▸ Task directions
In the entries below, every line with the string "dots" is to be reported.

---------- Provided data

(* Let $a,b$ be integers such that $q=a^3+5a^2b-8ab^2+b^3$ is a (positive) prime. Then $q\equiv\pm1\pmod 7$; moreover $q\equiv 1\pmod 7$ if and only if $\left(\frac{-7(a^2-ab+b^2)}{q}\right)=1$, and $q\equiv -1\pmod 7$ if and only if $\left(\frac{-7(a^2-ab+b^2)}{q}\right)=-1$.
   Context: $\left(\frac{\cdot}{q}\right)$ denotes the Legendre symbol modulo $q$. *)

theory Defs
  imports "HOL-Number_Theory.Number_Theory"
begin

end

theory Submission
  imports Defs
begin

text \<open>Modulo 7 the form a^3 + 5a^2b - 8ab^2 + b^3 is congruent to the cube (b - 5a)^3, and cubes
  modulo 7 are 0, 1 or -1; when 7 divides b - 5a the form is divisible by 49, impossible for a
  prime q. For the Legendre symbol, the identity
  (3a^2 + 10ab - 8b^2)^2 = (7b)^2 (a^2 - ab + b^2) + (9a + 15b) q
  shows that a^2 - ab + b^2 is a nonzero square modulo q, so the symbol equals (-7/q), which by
  quadratic reciprocity is (q/7), i.e. 1 or -1 according as q is 1 or -1 modulo 7.\<close>

lemma euler_criterion_int:
  fixes p a :: int
  assumes "prime p" "2 < p"
  shows "[Legendre a p = a ^ nat ((p - 1) div 2)] (mod p)"
proof -
  have "prime (nat p)" "2 < nat p" "int (nat p) = p"
    using assms by auto
  moreover have "(nat p - 1) div 2 = nat ((p - 1) div 2)"
    using assms(2) by linarith
  ultimately show ?thesis
    using euler_criterion[of "nat p" a] by simp
qed

lemma abs_Legendre_le_1: "\<bar>Legendre a p\<bar> \<le> 1"
  by (simp add: Legendre_def)

lemma cong_abs_le_1_imp_eq:
  fixes x y m :: int
  assumes "[x = y] (mod m)" "2 < m" "\<bar>x\<bar> \<le> 1" "\<bar>y\<bar> \<le> 1"
  shows "x = y"
proof (rule ccontr)
  assume "x \<noteq> y"
  then have "x - y \<noteq> 0" by simp
  moreover have "m dvd x - y" using assms(1) by (simp add: cong_iff_dvd_diff)
  ultimately have "\<bar>m\<bar> \<le> \<bar>x - y\<bar>" by (rule dvd_imp_le_int)
  then show False using assms(2-4) by linarith
qed

lemma Legendre_cong:
  assumes "[a = b] (mod p)"
  shows "Legendre a p = Legendre b p"
proof -
  have "[a = 0] (mod p) \<longleftrightarrow> [b = 0] (mod p)"
    using assms by (meson cong_sym cong_trans)
  moreover have "QuadRes p a \<longleftrightarrow> QuadRes p b"
    using assms unfolding QuadRes_def by (meson cong_sym cong_trans)
  ultimately show ?thesis by (simp add: Legendre_def)
qed

lemma Legendre_square:
  fixes p x :: int
  assumes "prime p" "\<not> p dvd x"
  shows "Legendre (x^2) p = 1"
proof -
  have "\<not> p dvd x^2" using assms prime_dvd_power by blast
  moreover have "QuadRes p (x^2)" unfolding QuadRes_def by (auto intro: cong_refl)
  ultimately show ?thesis by (simp add: Legendre_def cong_0_iff)
qed

lemma Legendre_mult:
  fixes p a b :: int
  assumes "prime p" "2 < p"
  shows "Legendre (a * b) p = Legendre a p * Legendre b p"
proof (rule cong_abs_le_1_imp_eq[OF _ \<open>2 < p\<close>])
  let ?k = "nat ((p - 1) div 2)"
  have "[Legendre (a * b) p = a ^ ?k * b ^ ?k] (mod p)"
    using euler_criterion_int[OF assms, of "a * b"] by (simp add: power_mult_distrib)
  also have "[a ^ ?k * b ^ ?k = Legendre a p * Legendre b p] (mod p)"
    using euler_criterion_int[OF assms] by (intro cong_mult) (simp_all add: cong_sym)
  finally show "[Legendre (a * b) p = Legendre a p * Legendre b p] (mod p)" .
  show "\<bar>Legendre a p * Legendre b p\<bar> \<le> 1"
    by (simp add: abs_mult mult_le_one abs_Legendre_le_1)
qed (rule abs_Legendre_le_1)

lemma Legendre_minus_one:
  fixes p :: int
  assumes "prime p" "2 < p"
  shows "Legendre (-1) p = (-1) ^ nat ((p - 1) div 2)"
proof (rule cong_abs_le_1_imp_eq[OF euler_criterion_int[OF assms] \<open>2 < p\<close>])
  show "\<bar>(-1::int) ^ nat ((p - 1) div 2)\<bar> \<le> 1"
    unfolding power_abs by simp
qed (rule abs_Legendre_le_1)

lemma Legendre_minus_seven:
  fixes p :: int
  assumes "prime p" "2 < p" "p \<noteq> 7"
  shows "Legendre (-7) p = Legendre p 7"
proof -
  define k where "k = nat ((p - 1) div 2)"
  have "\<not> p dvd 7"
    using assms primes_dvd_imp_eq[of p 7] by auto
  then have L7: "Legendre 7 p = 1 \<or> Legendre 7 p = -1"
    by (auto simp: Legendre_def cong_0_iff)
  have "Legendre 7 p * Legendre p 7 = (-1) ^ (3 * k)"
    using Quadratic_Reciprocity_int[of 7 p] assms unfolding k_def by (simp add: nat_mult_distrib)
  moreover have "((-1::int) ^ k) ^ 3 = (-1) ^ k"
    by (cases "even k") auto
  ultimately have "Legendre p 7 = (-1) ^ k * Legendre 7 p"
    using L7 by (auto simp: power_mult)
  also have "\<dots> = Legendre (-1) p * Legendre 7 p"
    unfolding Legendre_minus_one[OF assms(1,2)] k_def ..
  also have "\<dots> = Legendre (-1 * 7) p"
    by (rule Legendre_mult[OF assms(1,2), symmetric])
  finally show ?thesis by simp
qed

lemma Legendre_seven:
  fixes q :: int
  shows "q mod 7 = 1 \<Longrightarrow> Legendre q 7 = 1"
    and "q mod 7 = 6 \<Longrightarrow> Legendre q 7 = -1"
proof -
  have "Legendre q 7 = Legendre (q mod 7) 7"
    by (rule Legendre_cong) (simp add: cong_def)
  moreover have "Legendre 1 7 = 1"
    using Legendre_square[of 7 1] by simp
  moreover have "Legendre 6 7 = -1"
    using Legendre_cong[of 6 "-1" 7] Legendre_minus_one[of 7] by (simp add: cong_def)
  ultimately show "q mod 7 = 1 \<Longrightarrow> Legendre q 7 = 1" "q mod 7 = 6 \<Longrightarrow> Legendre q 7 = -1"
    by simp_all
qed

lemma Legendre_mult_square:
  fixes p x a :: int
  assumes "prime p" "2 < p" "\<not> p dvd x"
  shows "Legendre (x^2 * a) p = Legendre a p"
  using Legendre_mult[OF assms(1,2)] Legendre_square[OF assms(1,3)] by simp

definition cubic_form :: "int \<Rightarrow> int \<Rightarrow> int" where
  "cubic_form a b = a^3 + 5*a^2*b - 8*a*b^2 + b^3"

lemma cube_mod_7: "(x::int)^3 mod 7 \<in> {0, 1, 6}"
proof -
  have "x mod 7 \<in> {0..6}" by simp
  then have "x mod 7 \<in> {0, 1, 2, 3, 4, 5, 6}" by auto
  moreover have "x^3 mod 7 = (x mod 7)^3 mod 7"
    by (simp add: power_mod)
  ultimately show ?thesis by auto
qed

lemma cubic_form_cong_cube: "[cubic_form a b = (b - 5*a)^3] (mod 7)"
proof -
  have "cubic_form a b = (b - 5*a)^3 + 7 * (18*a^3 - 10*a^2*b + a*b^2)"
    unfolding cubic_form_def by (simp add: algebra_simps power2_eq_square power3_eq_cube)
  then show ?thesis by (simp add: cong_iff_dvd_diff)
qed

lemma cubic_form_dvd_49:
  assumes "7 dvd b - 5*a"
  shows "49 dvd cubic_form a b"
proof -
  obtain t where "b = 5*a + 7*t" using assms by (auto simp: dvd_def algebra_simps)
  then have "cubic_form a b = 49 * (7*a*t^2 + 7*t^3 - a^3)"
    unfolding cubic_form_def by (simp add: algebra_simps power2_eq_square power3_eq_cube)
  then show ?thesis by simp
qed

lemma prime_cubic_form_mod_7:
  assumes "prime (cubic_form a b)"
  shows "cubic_form a b mod 7 \<in> {1, 6}"
proof (rule ccontr)
  assume "cubic_form a b mod 7 \<notin> {1, 6}"
  then have "(b - 5*a)^3 mod 7 = 0"
    using cubic_form_cong_cube[of a b] cube_mod_7[of "b - 5*a"] by (auto simp: cong_def)
  then have "7 dvd b - 5*a"
    using prime_dvd_power[of 7 "b - 5*a" 3] by (simp add: mod_eq_0_iff_dvd)
  then have "7 * 7 dvd cubic_form a b"
    using cubic_form_dvd_49 by simp
  moreover from this have "cubic_form a b = 7"
    using primes_dvd_imp_eq[of 7 "cubic_form a b"] assms dvd_mult_left by auto
  ultimately show False by simp
qed

lemma prime_cubic_form_gt_7:
  assumes "prime (cubic_form a b)"
  shows "7 < cubic_form a b"
proof (rule ccontr)
  let ?q = "cubic_form a b"
  assume "\<not> 7 < ?q"
  moreover have "2 \<le> ?q" using assms by (rule prime_ge_2_int)
  ultimately have "?q \<in> {2, 3, 4, 5, 6, 7}" by auto
  moreover have "?q \<noteq> 6"
    using assms primes_dvd_imp_eq[of 2 ?q] by auto
  ultimately show False
    using prime_cubic_form_mod_7[OF assms] by auto
qed

lemma prime_cubic_form_not_dvd_snd:
  assumes "prime (cubic_form a b)"
  shows "\<not> cubic_form a b dvd b"
proof
  let ?q = "cubic_form a b"
  assume "?q dvd b"
  have "a^3 = ?q - b * (5*a^2 - 8*a*b + b^2)"
    unfolding cubic_form_def by (simp add: algebra_simps power2_eq_square power3_eq_cube)
  then have "?q dvd a^3"
    using \<open>?q dvd b\<close> by (metis dvd_diff dvd_mult2 dvd_refl)
  obtain d where d: "b = ?q * d" using \<open>?q dvd b\<close> ..
  from \<open>?q dvd a^3\<close> obtain c where c: "a = ?q * c"
    using assms prime_dvd_power by blast
  have "?q * 1 = cubic_form (?q * c) (?q * d)"
    using arg_cong2[OF c d, of cubic_form] by simp
  also have "\<dots> = ?q * (?q^2 * cubic_form c d)"
    unfolding cubic_form_def by (simp add: algebra_simps power2_eq_square power3_eq_cube)
  finally have "1 = ?q^2 * cubic_form c d"
    using assms by (simp add: prime_gt_0_int)
  then have "?q dvd 1"
    by (metis dvd_triv_left power2_eq_square mult.assoc)
  then show False
    using assms not_prime_unit by blast
qed

lemma prime_cubic_form_not_dvd_norm:
  assumes "prime (cubic_form a b)"
  shows "\<not> cubic_form a b dvd a^2 - a*b + b^2"
proof
  let ?q = "cubic_form a b" and ?N = "a^2 - a*b + b^2"
  assume "?q dvd ?N"
  have "\<not> ?q dvd 7"
    using prime_cubic_form_gt_7[OF assms] zdvd_imp_le by fastforce
  have "b^2 * (3*a + 5*b) = (a + 6*b) * ?N - ?q"
    unfolding cubic_form_def by (simp add: algebra_simps power2_eq_square power3_eq_cube)
  then have "?q dvd b^2 * (3*a + 5*b)"
    using \<open>?q dvd ?N\<close> by (metis dvd_diff dvd_mult dvd_refl)
  then have "?q dvd 3*a + 5*b"
    using assms prime_cubic_form_not_dvd_snd[OF assms]
    by (metis prime_dvd_mult_iff prime_dvd_power)
  moreover have "7 * (7 * b^2) = 9 * ?N - (3*a + 5*b) * (3*a - 8*b)"
    by (simp add: algebra_simps power2_eq_square)
  ultimately have "?q dvd 7 * (7 * b^2)"
    using \<open>?q dvd ?N\<close> by (metis dvd_diff dvd_mult dvd_mult2)
  then show False
    using assms \<open>\<not> ?q dvd 7\<close> prime_cubic_form_not_dvd_snd[OF assms]
    by (metis prime_dvd_mult_iff prime_dvd_power)
qed

lemma cubic_form_norm_square_identity:
  "(3*a^2 + 10*a*b - 8*b^2)^2 = (7*b)^2 * (a^2 - a*b + b^2) + (9*a + 15*b) * cubic_form a b"
  unfolding cubic_form_def by (simp add: algebra_simps power2_eq_square power3_eq_cube)

lemma Legendre_cubic_form_norm:
  assumes "prime (cubic_form a b)"
  shows "Legendre (-7 * (a^2 - a*b + b^2)) (cubic_form a b) = Legendre (-7) (cubic_form a b)"
proof -
  let ?q = "cubic_form a b" and ?N = "a^2 - a*b + b^2" and ?H = "3*a^2 + 10*a*b - 8*b^2"
  have "2 < ?q" "\<not> ?q dvd 7"
    using prime_cubic_form_gt_7[OF assms] zdvd_imp_le by fastforce+
  then have "\<not> ?q dvd 7 * b"
    using assms prime_cubic_form_not_dvd_snd by (metis prime_dvd_mult_iff)
  have HN: "[?H^2 = (7*b)^2 * ?N] (mod ?q)"
    unfolding cubic_form_norm_square_identity by (simp add: cong_def)
  have "\<not> ?q dvd ?H"
  proof
    assume "?q dvd ?H"
    then have "?q dvd ?H^2"
      by (simp add: power2_eq_square)
    then have "?q dvd (7*b)^2 * ?N"
      using cong_dvd_iff[OF HN] by blast
    then show False
      using assms \<open>\<not> ?q dvd 7 * b\<close> prime_cubic_form_not_dvd_norm
      by (metis prime_dvd_mult_iff prime_dvd_power)
  qed
  have "Legendre (-7 * ?N) ?q = Legendre ((7*b)^2 * (-7 * ?N)) ?q"
    using Legendre_mult_square[OF assms \<open>2 < ?q\<close> \<open>\<not> ?q dvd 7 * b\<close>] by simp
  also have "\<dots> = Legendre (((7*b)^2 * ?N) * (-7)) ?q"
    by (simp only: mult.assoc mult.commute[of "-7"])
  also have "\<dots> = Legendre (?H^2 * (-7)) ?q"
    using HN by (intro Legendre_cong cong_mult cong_refl) (simp add: cong_sym)
  also have "\<dots> = Legendre (-7) ?q"
    using Legendre_mult_square[OF assms \<open>2 < ?q\<close> \<open>\<not> ?q dvd ?H\<close>] .
  finally show ?thesis .
qed

theorem lemma6p4:
  fixes a b q :: int
  assumes "q = a^3 + 5*a^2*b - 8*a*b^2 + b^3"
    and "prime q"
  shows "([q = 1] (mod 7) \<or> [q = -1] (mod 7))
    \<and> ([q = 1] (mod 7) \<longleftrightarrow> Legendre (-7 * (a^2 - a*b + b^2)) q = 1)
    \<and> ([q = -1] (mod 7) \<longleftrightarrow> Legendre (-7 * (a^2 - a*b + b^2)) q = -1)"
proof -
  have q: "q = cubic_form a b"
    using assms(1) by (simp add: cubic_form_def)
  have "Legendre (-7 * (a^2 - a*b + b^2)) q = Legendre (-7) q"
    using Legendre_cubic_form_norm assms(2) unfolding q by blast
  also have "\<dots> = Legendre q 7"
    using Legendre_minus_seven assms(2) prime_cubic_form_gt_7[of a b] q by simp
  finally have "Legendre (-7 * (a^2 - a*b + b^2)) q = Legendre q 7" .
  moreover have "[q = 1] (mod 7) \<longleftrightarrow> q mod 7 = 1" "[q = -1] (mod 7) \<longleftrightarrow> q mod 7 = 6"
    by (simp_all add: cong_def)
  ultimately show ?thesis
    using prime_cubic_form_mod_7[of a b] assms(2) q Legendre_seven[of q] by auto
qed

end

--------------------

▸ Your solution
  also have "\<dots> = Legendre (-1) p * Legendre 7 p"
  also have "\<dots> = Legendre (-1 * 7) p"
  also have "\<dots> = ?q * (?q^2 * cubic_form c d)"
  also have "\<dots> = Legendre (((7*b)^2 * ?N) * (-7)) ?q"
  also have "\<dots> = Legendre (?H^2 * (-7)) ?q"
  also have "\<dots> = Legendre (-7) ?q"
  also have "\<dots> = Legendre q 7"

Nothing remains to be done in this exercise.